This California attitude has continued into the twenty-first century, although three decades have now passed since First English was presumed to have returned California to the constitutional fold. Recently, the Court of Appeal considered a case in which the trial court had issued an injunction requiring the property owner to open beach access over his property to the general public.83 The court felt that it had to agree that such a de facto infliction of an easement over private property would be a per se taking. The law was too clear to ignore.84 But the court (by ignoring First English) concluded that it could deny protection to the property owner by holding that a mere “temporary” physical invasion is not automatically a taking. Forgotten was the First English conclusion that the Fifth Amendment covers all takings, whether physical or regulatory, permanent or temporary. The injunction on its face did not say that it was temporary, so where did that come from (assuming any validity to the distinction between permanent and temporary occupations, which there is not)? It was only temporary, said the court, because the owner could apply to the California Coastal Commission for permission to close the easement and the possibility that the Commission might grant permission to close the road was sufficient to make the easement temporary and thus beyond the protection of the takings clause. In a word, nonsense. California has returned to the pre-First English days when its courts construed their way around U.S. Supreme Court opinions (not exactly disavowing, but truncating, as the High Court said in First English).

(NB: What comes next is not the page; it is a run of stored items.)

theorem lemma6p1:
  fixes S :: "nat set" and b :: real
  assumes "finite S" and "S \<noteq> {}" and "b \<ge> 1"
  shows "(\<lambda>t. sqrt (calI (gS S) t)) integrable_on {1 - 1/b..1}
    \<and> integral {1 - 1/b..1} (\<lambda>t. sqrt (calI (gS S) t))
        \<le> 2 * (real (card S) + 1) * real (Max S) / b"
proof -
  note S = assms(1,2)
  have x: "0 \<le> 1/b" "1/b \<le> 1" using assms(3) by auto
  \<comment> \<open>For \<open>b = 1\<close> the interval contains \<open>t = 0\<close>, where \<open>calI\<close> is a junk value;
    it is discarded as a null set.\<close>
  have majorant: "0 \<le> sqrt (calI (gS S) t) \<and> sqrt (calI (gS S) t) \<le> 2 * power_sum_from_Min' S t"
    if "t \<in> {1 - 1/b..1} - {0}" for t
    using that x sqrt_calI_gS_le[OF S] calI_gS_nonneg[OF S] by auto
  have "continuous_on {1 - 1/b..1} (\<lambda>t. 2 * power_sum_from_Min' S t)"
    unfolding power_sum_from_Min'_def by (intro continuous_intros)
  then have dominated: "(\<lambda>t. sqrt (calI (gS S) t)) integrable_on {1 - 1/b..1}
      \<and> integral {1 - 1/b..1} (\<lambda>t. sqrt (calI (gS S) t))
        \<le> integral {1 - 1/b..1} (\<lambda>t. 2 * power_sum_from_Min' S t)"
    using integrable_on_integral_le_continuous_majorant[OF negligible_sing
        continuous_on_subset[OF continuous_on_sqrt_calI_gS[OF S]] _ majorant]
    by auto
  then have "integral {1 - 1/b..1} (\<lambda>t. sqrt (calI (gS S) t))
      \<le> integral {1 - 1/b..1} (\<lambda>t. 2 * power_sum_from_Min' S t)" ..
  also have "\<dots> = 2 * (power_sum_from_Min S 1 - power_sum_from_Min S (1 - 1/b))"
    using x integral_power_sum_from_Min'[of "1 - 1/b" 1 S] by simp
  also have "\<dots> \<le> 2 * (real (card S) * (real (Max S) * (1/b)))"
    using power_sum_from_Min_increment_le[OF assms(1) x] by simp
  also have "\<dots> \<le> 2 * (real (card S) + 1) * real (Max S) / b"
    using assms(3) by (simp add: field_simps)
  finally show ?thesis using dominated by simp
qed

end
lemma prime_power_multiplicity_central_binomial_le:
  fixes p m :: nat
  assumes "prime p" and "0 < m"
  shows "p ^ multiplicity p (2 * m choose m) \<le> 2 * m"
proof -
  define S where "S = {i \<in> {1..2*m}. p ^ i \<le> 2 * m}"
  have "multiplicity p (2 * m choose m) \<le> (\<Sum>i\<in>{1..2*m}. if p ^ i \<le> 2 * m then 1 else 0)"
    unfolding multiplicity_central_binomial[OF assms(1)]
  proof (rule sum_mono)
    fix i
    have "0 < p ^ i"
      using prime_gt_0_nat[OF assms(1)] by simp
    then have "2 * (m mod p ^ i) div p ^ i < 2"
      by (intro less_mult_imp_div_less) simp
    then show "2 * (m mod p ^ i) div p ^ i \<le> (if p ^ i \<le> 2 * m then 1 else 0)"
      by (auto simp: mod_less div_less)
  qed
  also have "\<dots> = card S"
    by (simp add: S_def sum.inter_filter[symmetric])
  finally have "p ^ multiplicity p (2 * m choose m) \<le> p ^ card S"
    using prime_gt_0_nat[OF assms(1)] by (intro power_increasing) auto
  also have "p ^ card S \<le> 2 * m"
  proof (cases "S = {}")
    case False
    then have "Max S \<in> S"
      by (intro Max_in) (simp add: S_def)
    have "p ^ card S \<le> p ^ Max S"
      using card_le_Max[of S] prime_gt_0_nat[OF assms(1)]
      by (intro power_increasing) (auto simp: S_def)
    also have "\<dots> \<le> 2 * m"
      using \<open>Max S \<in> S\<close> by (simp add: S_def)
    finally show ?thesis .
  qed (use assms(2) in simp)
  finally show ?thesis .
qed

lemma prod_primes_dvd:
  fixes a :: nat
  assumes "finite P" and "\<And>p. p \<in> P \<Longrightarrow> prime p" and "\<And>p. p \<in> P \<Longrightarrow> p dvd a"
  shows "\<Prod>P dvd a"
  using assms
proof (induction P rule: finite_induct)
  case empty
  then show ?case by simp
next
  case (insert p P)
  have "coprime p (\<Prod>P)"
    using insert by (intro prod_coprime_right primes_coprime) auto
  with insert show ?case by (simp add: divides_mult)
qed

section \<open>Chebyshev bounds for the prime counting function\<close>

definition prime_pi :: "nat \<Rightarrow> nat" where
  "prime_pi x = card {p. prime p \<and> p \<le> x}"

lemma finite_primes_le: "finite {p :: nat. prime p \<and> p \<le> x}"
  by (rule finite_subset[of _ "{..x}"]) auto

lemma prime_pi_mono: "x \<le> y \<Longrightarrow> prime_pi x \<le> prime_pi y"
  unfolding prime_pi_def by (intro card_mono finite_primes_le) auto

lemma prime_pi_le: "prime_pi x \<le> x - 1"
proof -
  have "{p. prime p \<and> p \<le> x} \<subseteq> {2..x}"
    using prime_ge_2_nat by auto
  then have "prime_pi x \<le> card {2..x}"
    unfolding prime_pi_def by (intro card_mono) auto
  then show ?thesis
    by simp
qed

lemma prime_pi_Suc_le: "prime_pi (Suc x) \<le> prime_pi x + 1"
proof -
  have "{p. prime p \<and> p \<le> Suc x} \<subseteq> insert (Suc x) {p. prime p \<and> p \<le> x}"
    by auto
  then have "prime_pi (Suc x) \<le> card (insert (Suc x) {p. prime p \<and> p \<le> x})"
    unfolding prime_pi_def by (intro card_mono) (auto intro: finite_primes_le)
  also have "\<dots> \<le> prime_pi x + 1"
    unfolding prime_pi_def by (simp add: card_insert_if finite_primes_le)
  finally show ?thesis .
qed

lemma central_binomial_le_power_prime_pi:
  assumes "0 < m"
  shows "2 * m choose m \<le> (2 * m) ^ prime_pi (2 * m)"
proof -
  let ?C = "2 * m choose m"
  have "prime_factors ?C \<subseteq> prime_factors (fact (2 * m) :: nat)"
    by (intro dvd_prime_factors) (auto simp: fact_double_central_binomial)
  then have factors: "prime_factors ?C \<subseteq> {p. prime p \<and> p \<le> 2 * m}"
    by (auto simp: prime_factors_fact)
  have "?C = (\<Prod>p\<in>prime_factors ?C. p ^ multiplicity p ?C)"
    by (rule prime_factorization_nat) simp
  also have "\<dots> \<le> (\<Prod>p\<in>prime_factors ?C. 2 * m)"
    using prime_power_multiplicity_central_binomial_le assms by (intro prod_mono) auto
  also have "\<dots> = (2 * m) ^ card (prime_factors ?C)"
    by simp
  also have "\<dots> \<le> (2 * m) ^ prime_pi (2 * m)"
    unfolding prime_pi_def using assms factors
    by (intro power_increasing card_mono finite_primes_le) auto
  finally show ?thesis .
qed
text \<open>Conversely, a rainbow tree through three leaves is either a star at one centre or
  contains both centres, and then both edges at some leaf k.\<close>

lemma rainbow_S_tree_three_leaves:
  assumes st: "S_tree (K2_V t) (K2_E t) S VT ET" and rb: "rainbow col ET"
    and S: "Inr i \<in> S" "Inr j \<in> S" "Inr l \<in> S" and d: "i \<noteq> j" "i \<noteq> l" "j \<noteq> l"
  shows "triple_rainbow_inner A B i j l \<or> (\<exists>k<t. hub_rainbow3 A B k i j l)"
proof -
  have sub: "ET \<subseteq> K2_E t" and tr: "is_tree VT ET" and "S \<subseteq> VT" "S \<subseteq> K2_V t"
    using st unfolding S_tree_def by auto
  then have lt: "i < t" "j < t" "l < t" and V: "Inr i \<in> VT" "Inr j \<in> VT" "Inr l \<in> VT"
    using S by (auto simp: K2_V_def)
  obtain ai where ai: "ai < 2" "{Inl ai, Inr i} \<in> ET"
    using K2_tree_leaf_edge[OF tr sub V(1,2)] d by auto
  obtain aj where aj: "aj < 2" "{Inl aj, Inr j} \<in> ET"
    using K2_tree_leaf_edge[OF tr sub V(2,1)] d by auto
  obtain al where al: "al < 2" "{Inl al, Inr l} \<in> ET"
    using K2_tree_leaf_edge[OF tr sub V(3,1)] d by auto
  note a = ai(1) aj(1) al(1) and e = ai(2) aj(2) al(2)
  define ci cj cl
    where "ci = col {Inl ai, Inr i}" "cj = col {Inl aj, Inr j}" "cl = col {Inl al, Inr l}"
  have c: "ci \<in> {A i, B i}" "cj \<in> {A j, B j}" "cl \<in> {A l, B l}"
    unfolding ci_cj_cl_def using col_leaf_edge a lt by auto
  show ?thesis
  proof (cases "ai = aj \<and> aj = al")
    case True
    have "distinct [ci, cj, cl]"
      using rainbow_distinct_colours[OF rb, of "[{Inl ai, Inr i}, {Inl aj, Inr j}, {Inl al, Inr l}]"]
        e d
      unfolding ci_cj_cl_def by (simp add: doubleton_eq_iff)
    moreover have "ai = 0 \<or> ai = 1" using a nat_less_2_cases by blast
    ultimately show ?thesis
      using True col_edge0 col_edge1 lt unfolding triple_rainbow_inner_def ci_cj_cl_def by auto
  next
    case False
    have "Inl ai \<in> VT" "Inl aj \<in> VT" "Inl al \<in> VT"
      using e tr unfolding is_tree_def by blast+
    moreover have "0 \<in> {ai, aj, al}" "1 \<in> {ai, aj, al}"
      using False a by auto
    ultimately have "Inl 0 \<in> VT" "Inl 1 \<in> VT" by auto
    then obtain xs where "walk ET xs" "hd xs = Inl 0" "last xs = Inl 1"
      using tr unfolding is_tree_def connected_graph_def by blast
    then obtain k where k: "k < t" "edge0 k \<in> ET" "edge1 k \<in> ET"
      using K2_walk_between_centres sub by blast
    have hub: "distinct (A k # B k # map col es)"
      if "set es \<subseteq> ET" "distinct es" "edge0 k \<notin> set es" "edge1 k \<notin> set es" for es
      using hub_colours_distinct[OF rb k] that by blast
    consider "k = i" | "k = j" | "k = l" | "k \<notin> {i, j, l}" by blast
    then show ?thesis
    proof cases
      case 1
      then have "distinct [A k, B k, cj, cl]"
        using hub[of "[{Inl aj, Inr j}, {Inl al, Inr l}]"] e d
        unfolding ci_cj_cl_def by (auto simp: doubleton_eq_iff)
      then have "hub_rainbow2 A B i j l" using c 1 unfolding hub_rainbow2_def by blast
      then show ?thesis unfolding triple_rainbow_inner_def by simp
    next
      case 2
      then have "distinct [A k, B k, ci, cl]"
        using hub[of "[{Inl ai, Inr i}, {Inl al, Inr l}]"] e d
        unfolding ci_cj_cl_def by (auto simp: doubleton_eq_iff)
      then have "hub_rainbow2 A B j i l" using c 2 unfolding hub_rainbow2_def by blast
      then show ?thesis unfolding triple_rainbow_inner_def by simp
    next
      case 3
      then have "distinct [A k, B k, ci, cj]"
        using hub[of "[{Inl ai, Inr i}, {Inl aj, Inr j}]"] e d
        unfolding ci_cj_cl_def by (auto simp: doubleton_eq_iff)
      then have "hub_rainbow2 A B l i j" using c 3 unfolding hub_rainbow2_def by blast
      then show ?thesis unfolding triple_rainbow_inner_def by simp
    next
      case 4
      then have "distinct [A k, B k, ci, cj, cl]"
        using hub[of "[{Inl ai, Inr i}, {Inl aj, Inr j}, {Inl al, Inr l}]"] e d
        unfolding ci_cj_cl_def by (auto simp: doubleton_eq_iff)
      then have "hub_rainbow3 A B k i j l" using c 4 unfolding hub_rainbow3_def by blast
      then show ?thesis using k(1) by blast
    qed
  qed
qed

end

section \<open>Bounds on the number of leaves\<close>

lemma length_distinct_le: "distinct xs \<Longrightarrow> set xs \<subseteq> {..<n} \<Longrightarrow> length xs \<le> (n::nat)"
  using card_mono[of "{..<n}" "set xs"] distinct_card[of xs] by simp

lemma card_le_mult_card_if_fibres_le:
  assumes "finite B" "f ` A \<subseteq> B" "\<And>y. y \<in> B \<Longrightarrow> card {x \<in> A. f x = y} \<le> k"
  shows "card A \<le> k * card B"
proof -
  have "A = (\<Union>y\<in>B. {x \<in> A. f x = y})" using assms(2) by blast
  then have "card A \<le> (\<Sum>y\<in>B. card {x \<in> A. f x = y})"
    using card_UN_le[OF assms(1)] by metis
  also have "\<dots> \<le> k * card B"
    using sum_bounded_above[of B _ k] assms(3) by (simp add: mult.commute)
  finally show ?thesis .
qed
definition zero_form :: form where
  "zero_form = (\<lambda>_. 0)"

definition basis_form :: "nat set \<Rightarrow> form" where
  "basis_form S = (\<lambda>U. if U = S then 1 else 0)"

definition vv :: "nat \<Rightarrow> form" where
  "vv i = basis_form {i}"

definition shuffle_sign :: "nat set \<Rightarrow> nat set \<Rightarrow> real" where
  "shuffle_sign S T = (-1) ^ card {(s, t). s \<in> S \<and> t \<in> T \<and> t < s}"

text \<open>Wedge product: v^S \<and> v^T = shuffle_sign S T v^(S \<union> T) if S, T disjoint, else 0.\<close>
definition wedge :: "form \<Rightarrow> form \<Rightarrow> form" where
  "wedge \<omega> \<eta> = (\<lambda>U. \<Sum>S\<in>Pow U. shuffle_sign S (U - S) * \<omega> S * \<eta> (U - S))"

fun wedge_list :: "form list \<Rightarrow> form" where
  "wedge_list [] = basis_form {}"
| "wedge_list (a # as) = wedge a (wedge_list as)"

definition vs :: "nat list \<Rightarrow> form" where
  "vs is = wedge_list (map vv is)"

definition dv :: "real \<Rightarrow> real \<Rightarrow> nat \<Rightarrow> form" where
  "dv a b i =
    (if i = 4 then vs [1,3]
     else if i = 5 then vs [2,3]
     else if i = 6 then (\<lambda>U. vs [1,4] U + vs [2,5] U - vs [3,5] U)
     else if i = 7 then (\<lambda>U. a * vs [1,2] U + vs [1,5] U + vs [2,4] U + vs [3,4] U)
     else if i = 8 then (\<lambda>U. vs [1,6] U - 2 * b * vs [2,5] U + vs [2,7] U
                              - b * vs [3,5] U - vs [4,5] U)
     else zero_form)"

definition d1 :: "real \<Rightarrow> real \<Rightarrow> form \<Rightarrow> form" where
  "d1 a b \<omega> = (\<lambda>U. \<Sum>j=1..8. \<omega> {j} * dv a b j U)"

The decision in Lucas has fared no better at the hands of the California court. Lucas held that denial of all economically beneficial or productive use of property, whether permanent or temporary, is a “categorical” or per se taking that requires compensation.85 Under California’s resurrected pre-1987 rule, however, even such a drastic impact cannot be deemed a taking if the “development restrictions imposed on the subject property substantially advanced some legitimate state purposes86 so as to justify the denial of the development permit.”87
But the U.S. Supreme Court has consistently held that takings are measured by the impact of the regulators’ acts on the property owner, not their intentions or the professed nobility of their goals. The government can no more confiscate private property for good reasons than for bad ones. The presence of legitimate reasons does not vitiate the Just Compensation Clause — on the contrary, it triggers its applicability. Justice Stewart put it simply: “[T]he Constitution measures a taking of property not by what a State says, or by what it intends, but by what it does.”88
The Court of Appeals for the Federal Circuit expanded on that thought:
The purpose and function of the [Fifth] Amendment being to secure citizens against governmental expropriation, and to guarantee just compensation for the property taken, what counts is not what government said it was doing, or what it later says its intent was.... What counts is what the government did.89
The Supreme Court has applied that bedrock constitutional philosophy repeatedly. For example, in Loretto v. Teleprompter Manhattan CATV Corp.,90 the New York Court of Appeals upheld a statute as a valid exercise of the police power. But the U.S. Supreme Court reversed that state court judgment and pointed out that commendable goals, like good intentions, are no substitute for adherence to the Just Compensation Clause:
The Court of Appeals determined that §828 serves [a] legitimate public purpose ... and thus is within the State’s police power. We have no reason to question that determination. It is a separate question, however, whether an otherwise valid regulation so frustrates property rights that compensation must be paid.91
Similarly, in Kaiser Aetna v. United States,92 the Corps of Engineers had decreed that a private marina be opened to public use. The Court disagreed and, in the process, explained the relationship between justifiable regulatory actions and the takings clause of the Fifth Amendment:
In light of its expansive authority under the Commerce Clause, there is no question but that Congress could assure the public a free right of access to the Hawaii Kai Marina if it so chose. Whether a statute or regulation that went so far amounted to a taking, however, is an entirely separate question.93
In fact, in every eminent domain case, the taking is justified by being for public use (or public benefit) and serving public necessity. But that does not excuse the taker from its obligation to pay just compensation.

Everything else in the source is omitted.